Food is many things. It is culture, embodying ethnic traditions, family recipes and social opportunities. It is wellness – the fuel that we need to stay healthy and the nutrients we need to thrive. It is a commodity – it represents job creation, economic development and innovation. And, food is sustainability, insofar as we strive to create food security for all residents of metro Atlanta, providing diverse options while minimizing harmful environmental impacts.
According to the U.S. Department of Agriculture, agricultural production in Georgia topped more than $9 billion in 2012. Yet the vast majority of metro Atlanta’s food comes from outside the region and the state. That imbalance has begun to change in recent years as access to locally sourced food has grown. By the numbers, we enjoy the harvest from more than 200 urban farms, some 80 community gardens and urban orchards and more than 90 farmers market.
In addition, Community Supported Agriculture (CSA) programs provide for direct investment into the local growing community, regular access to fresh fruits, vegetables and pasture-raised meats and opportunities for dining in restaurants that purchase directly from local growers. The Georgia Department of Agriculture supports Georgia Grown, a marketing and economic development program to brand and promote locally grown products, as well as a Georgia Agritourism program that promotes value-added services on local farms.
A variety of unique urban agriculture programs is also sprouting in the region. The Global Growers Network was founded by Basmat Ahmed, who fled South Sudan during government-sponsored genocide. The network turned an underused park near Clarkston into a community garden for refugees and the disabled. The garden is a place where they can grow vegetables from their homelands and share them with the community. The garden offers a place where refugees can connect with others and with agriculture. Gardeners find not only the peace, camaraderie and nourishment of farming, they also receive agricultural training and earn money by selling excess produce at area farmers’ markets.

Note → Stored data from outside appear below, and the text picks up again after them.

text \<open>Every atom below \<open>v\<close> is paired with every atom above \<open>v\<close>. Summing the pair weights
  over the partners returns the original masses because \<open>S\<close>, the first moment of \<open>w\<close> above
  \<open>v\<close>, equals its first moment below \<open>v\<close>. If \<open>S = 0\<close> the whole mass sits at \<open>v\<close> and the
  pair sum vanishes through the junk value \<open>x / 0 = 0\<close>.\<close>

lemma mean_two_point_decomposition:
  fixes w c g :: "'k \<Rightarrow> real"
  assumes "finite K" and w_nonneg: "\<And>k. k \<in> K \<Longrightarrow> 0 \<le> w k"
    and mean: "(\<Sum>k\<in>K. w k * (c k - v)) = 0"
  defines "L \<equiv> {k\<in>K. c k < v}" and "G \<equiv> {k\<in>K. v < c k}"
    and "S \<equiv> (\<Sum>y\<in>{k\<in>K. v < c k}. w y * (c y - v))"
  shows "(\<Sum>k\<in>K. w k * g k) = (\<Sum>k\<in>{k\<in>K. c k = v}. w k * g k)
           + (\<Sum>(x, y)\<in>L \<times> G. w x * w y / S * ((c y - v) * g x + (v - c x) * g y))"
proof -
  define E where "E = {k\<in>K. c k = v}"
  have fin: "finite E" "finite L" "finite G"
    using \<open>finite K\<close> by (auto simp: E_def L_def G_def)
  have K_split: "K = E \<union> (L \<union> G)" "E \<inter> (L \<union> G) = {}" "L \<inter> G = {}"
    by (auto simp: E_def L_def G_def)
  have S_above: "S = (\<Sum>y\<in>G. w y * (c y - v))"
    by (simp add: S_def G_def)
  have split: "(\<Sum>k\<in>K. f k) = (\<Sum>k\<in>E. f k) + (\<Sum>k\<in>L. f k) + (\<Sum>k\<in>G. f k)" for f :: "'k \<Rightarrow> real"
    using K_split fin by (simp add: sum.union_disjoint)
  have S_below: "(\<Sum>x\<in>L. w x * (v - c x)) = S"
    using mean split[of "\<lambda>k. w k * (c k - v)"]
    by (simp add: E_def S_above algebra_simps sum_subtractf sum_negf)
  have weightless_if_S0: "w k = 0" if "S = 0" "k \<in> L \<union> G" for k
  proof -
    have "w x * (v - c x) = 0" if "x \<in> L" for x
      using sum_nonneg_eq_0_iff[OF fin(2), of "\<lambda>x. w x * (v - c x)"] S_below \<open>S = 0\<close>
        w_nonneg that by (auto simp: L_def)
    moreover have "w y * (c y - v) = 0" if "y \<in> G" for y
      using sum_nonneg_eq_0_iff[OF fin(3), of "\<lambda>y. w y * (c y - v)"] S_above \<open>S = 0\<close>
        w_nonneg that by (auto simp: G_def)
    ultimately show ?thesis
      using that by (auto simp: L_def G_def)
  qed
  have "(\<Sum>(x, y)\<in>L \<times> G. w x * w y / S * ((c y - v) * g x + (v - c x) * g y))
      = ((\<Sum>x\<in>L. w x * g x) * (\<Sum>y\<in>G. w y * (c y - v))
         + (\<Sum>x\<in>L. w x * (v - c x)) * (\<Sum>y\<in>G. w y * g y)) / S"
    unfolding sum_product sum.cartesian_product add_divide_distrib sum_divide_distrib
      sum.distrib[symmetric]
    by (intro sum.cong refl) (auto simp: divide_inverse algebra_simps)
  also have "\<dots> = ((\<Sum>x\<in>L. w x * g x) * S + S * (\<Sum>y\<in>G. w y * g y)) / S"
    by (simp only: S_below S_above[symmetric])
  also have "\<dots> = (\<Sum>x\<in>L. w x * g x) + (\<Sum>y\<in>G. w y * g y)"
    using weightless_if_S0 by (cases "S = 0") (simp_all add: field_simps)
  finally show ?thesis
    using split[of "\<lambda>k. w k * g k"] by (simp add: E_def)
qed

Adjacent to Atlanta’s downtown business district in the Castleberry neighborhood and modeled on the concept of World War II Victory Gardens is the Veteran’s Farmers Market. The US Department of Veterans Affairs estimates that there are more than 6,000 displaced veterans on Atlanta streets. The 3 x 3 Project, which operates the Veteran’s Farmers Market, gets those veterans involved in urban farming. A portion of the food helps supplement local shelters, and some proceeds help provide job and agriculture training for veterans.
In the southern part of the region, community gardeners created Community Gardens of Henry County, a nonprofit organization that operates five main gardens on vacant lots throughout the county. These gardens provide many positive things for the communities, including education, training, food production and green space.
While community gardens and urban farming are making a positive impact on many metro regions around the U.S., they also face a variety of challenges. These include high water rates, a lack of capital to start and maintain gardens and a scarcity of available space due to competition for vacant lots from more profitable ventures.
Locally-grown food provides fresh, nutritious sustenance for regional residents. The process of raising it provides jobs, physical activity, community building and business opportunities for citizens. Even though it has its challenges, urban agriculture in metro Atlanta has put down strong roots. The forecast is for a bumper crop.